**What is needed**
From the listing below, pull each line that includes "also".

**The input**

lemma posroots_B_cases:
  assumes "\<gamma> \<in> PB"
  obtains (diff) i j where "1 \<le> i" "i < j" "j \<le> n" "\<gamma> = eps \<sigma> j - eps \<sigma> i"
    | (sum) i j where "1 \<le> i" "i < j" "j \<le> n" "\<gamma> = eps \<sigma> j + eps \<sigma> i"
    | (eps) i where "1 \<le> i" "i \<le> n" "\<gamma> = eps \<sigma> i"
  using assms unfolding posroots_B_def by blast

lemma finite_posroots_B: "finite PB"
proof -
  have "PB \<subseteq> (\<lambda>(i, j). eps \<sigma> j - eps \<sigma> i) ` ({1..n} \<times> {1..n})
     \<union> (\<lambda>(i, j). eps \<sigma> j + eps \<sigma> i) ` ({1..n} \<times> {1..n}) \<union> eps \<sigma> ` {1..n}"
    unfolding posroots_B_def by force
  then show ?thesis
    by (rule finite_subset) auto
qed

lemma coord_vec_in_base_region: "coord_vec \<sigma> n real \<in> base_region PB"
  unfolding base_region_def by (auto simp: posroots_B_def inner_diff_right inner_add_right)

lemma zero_notin_posroots_B: "0 \<notin> PB"
  using coord_vec_in_base_region by (force simp: base_region_def)

lemmas cut_locus_B_subset =
  cut_locus_subset[OF finite_posroots_B zero_notin_posroots_B coord_vec_in_base_region]
lemmas root_hyp_Int_subset_cut_locus_B =
  root_hyp_Int_subset_cut_locus[OF finite_posroots_B zero_notin_posroots_B coord_vec_in_base_region]

text \<open>In the cut locus computations below, p is a point of H_\<beta> whose coordinates are as
  distinct as H_\<beta> allows, positive on as many roots as possible, and q is a point of H_\<beta> \<inter> H_\<alpha> whose remaining
  coordinates are distinct and nonzero, so that only roots through H_\<beta> \<inter> H_\<alpha> vanish at q.\<close>

lemma cut_locus_B_root_hyp_eps:
  assumes b: "1 \<le> b" "b \<le> n"
  shows "cut_locus_B (root_hyp (eps \<sigma> b)) = root_hyp (eps \<sigma> b) \<inter> \<Union>(root_hyp ` eps \<sigma> ` {1..<b})"
proof (intro equalityI subsetI)
  fix x assume x: "x \<in> cut_locus_B (root_hyp (eps \<sigma> b))"
  have "cut_locus_B (root_hyp (eps \<sigma> b)) \<subseteq> \<Union>(root_hyp ` eps \<sigma> ` {1..<b})"
    using b by (intro cut_locus_B_subset[OF eps_in_posroots_B(1),
          where p = "coord_vec \<sigma> n (\<lambda>m. if m = b then 0 else real m)"])
      (auto simp: posroots_B_def inner_diff_right inner_add_right split: if_split_asm)
  then show "x \<in> root_hyp (eps \<sigma> b) \<inter> \<Union>(root_hyp ` eps \<sigma> ` {1..<b})"
    using x cut_locus_subset_hyperplane by blast
next
  fix x assume "x \<in> root_hyp (eps \<sigma> b) \<inter> \<Union>(root_hyp ` eps \<sigma> ` {1..<b})"
  then obtain k where k: "1 \<le> k" "k < b" "x \<in> root_hyp (eps \<sigma> b) \<inter> root_hyp (eps \<sigma> k)"
    by auto
  have "root_hyp (eps \<sigma> b) \<inter> root_hyp (eps \<sigma> k) \<subseteq> cut_locus_B (root_hyp (eps \<sigma> b))"
    by (rule root_hyp_Int_subset_cut_locus_B[where \<gamma> = "eps \<sigma> b - eps \<sigma> k" and a = 1 and c = 1
          and q = "coord_vec \<sigma> n (\<lambda>m. if m = b \<or> m = k then 0 else real m)"
          and p = "coord_vec \<sigma> n (\<lambda>m. if m = b then 1 else 0)"])
      (use k b in \<open>auto simp: eps_in_posroots_B inner_diff_right inner_add_right elim!: posroots_B_cases
         split: if_split_asm\<close>)
  then show "x \<in> cut_locus_B (root_hyp (eps \<sigma> b))"
    using k by blast
qed

lemma card_shards_root_hyp_eps:
  assumes b: "1 \<le> b" "b \<le> n"
  shows "card (shards_of (arrangement PB) (base_region PB) (root_hyp (eps \<sigma> b))) = 2 ^ (b - 1)"
proof -
  let ?H = "root_hyp (eps \<sigma> b)"
  let ?S = "?H - \<Union>(root_hyp ` eps \<sigma> ` {1..<b})"
  let ?cls = "\<lambda>x. restrict (\<lambda>k. 0 < x $ \<sigma> k) {1..<b}"
  have "card (shards_of (arrangement PB) (base_region PB) ?H) = card (?cls ` ?S)"
    by (rule card_shards_of_sign_classes[OF cut_locus_B_root_hyp_eps[OF b]])
      (auto simp: restrict_eq_restrict_iff)
  also have "?cls ` ?S = Pi\<^sub>E {1..<b} (\<lambda>_. UNIV)"
  proof
    show "?cls ` ?S \<subseteq> Pi\<^sub>E {1..<b} (\<lambda>_. UNIV)"
      by auto
    show "Pi\<^sub>E {1..<b} (\<lambda>_. UNIV) \<subseteq> ?cls ` ?S"
    proof
      fix s assume s: "s \<in> Pi\<^sub>E {1..<b} (\<lambda>_. UNIV :: bool set)"
      define x where "x = coord_vec \<sigma> n (\<lambda>m. if m < b then if s m then 1 else -1 else 0)"
      have "x \<in> ?S"
        using b by (auto simp: x_def split: if_split_asm)
      moreover have "?cls x = s"
        unfolding restrict_eq_iff_PiE[OF s] using b by (auto simp: x_def)
      ultimately show "s \<in> ?cls ` ?S"
        by blast
    qed
  qed
  also have "card (Pi\<^sub>E {1..<b} (\<lambda>_. UNIV :: bool set)) = 2 ^ (b - 1)"
    by (simp add: card_PiE card_UNIV_bool)
  finally show ?thesis .
qed

lemma cut_locus_B_root_hyp_diff:
  assumes ab: "1 \<le> a" "a < b" "b \<le> n"
  shows "cut_locus_B (root_hyp (eps \<sigma> b - eps \<sigma> a))
           = root_hyp (eps \<sigma> b - eps \<sigma> a) \<inter> \<Union>(root_hyp ` (\<lambda>k. eps \<sigma> k - eps \<sigma> a) ` {a<..<b})"
proof (intro equalityI subsetI)
  fix x assume x: "x \<in> cut_locus_B (root_hyp (eps \<sigma> b - eps \<sigma> a))"
  have "cut_locus_B (root_hyp (eps \<sigma> b - eps \<sigma> a)) \<subseteq> \<Union>(root_hyp ` (\<lambda>k. eps \<sigma> k - eps \<sigma> a) ` {a<..<b})"
    using ab by (intro cut_locus_B_subset[OF eps_in_posroots_B(2),
          where p = "coord_vec \<sigma> n (\<lambda>m. if m = b then real a else real m)"])
      (auto simp: posroots_B_def inner_diff_right inner_add_right not_less le_eq_less_or_eq
        split: if_split_asm)
  then show "x \<in> root_hyp (eps \<sigma> b - eps \<sigma> a) \<inter> \<Union>(root_hyp ` (\<lambda>k. eps \<sigma> k - eps \<sigma> a) ` {a<..<b})"
    using x cut_locus_subset_hyperplane by blast
next
  fix x assume "x \<in> root_hyp (eps \<sigma> b - eps \<sigma> a) \<inter> \<Union>(root_hyp ` (\<lambda>k. eps \<sigma> k - eps \<sigma> a) ` {a<..<b})"
  then obtain k where k: "a < k" "k < b"
    "x \<in> root_hyp (eps \<sigma> b - eps \<sigma> a) \<inter> root_hyp (eps \<sigma> k - eps \<sigma> a)"
    by auto
  have "root_hyp (eps \<sigma> b - eps \<sigma> a) \<inter> root_hyp (eps \<sigma> k - eps \<sigma> a)
          \<subseteq> cut_locus_B (root_hyp (eps \<sigma> b - eps \<sigma> a))"
    by (rule root_hyp_Int_subset_cut_locus_B[where \<gamma> = "eps \<sigma> b - eps \<sigma> k" and a = 1 and c = 1
          and q = "coord_vec \<sigma> n (\<lambda>m. if m = a \<or> m = k \<or> m = b then real n + 1 else real m)"
          and p = "coord_vec \<sigma> n (\<lambda>m. if m = b then 1 else 0)"])
      (use k ab in \<open>auto simp: eps_in_posroots_B inner_diff_right inner_add_right elim!: posroots_B_cases
         split: if_split_asm\<close>)
  then show "x \<in> cut_locus_B (root_hyp (eps \<sigma> b - eps \<sigma> a))"
    using k by blast
qed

**Your response**
  also have "?cls ` ?S = Pi\<^sub>E {1..<b} (\<lambda>_. UNIV)"
  also have "card (Pi\<^sub>E {1..<b} (\<lambda>_. UNIV :: bool set)) = 2 ^ (b - 1)"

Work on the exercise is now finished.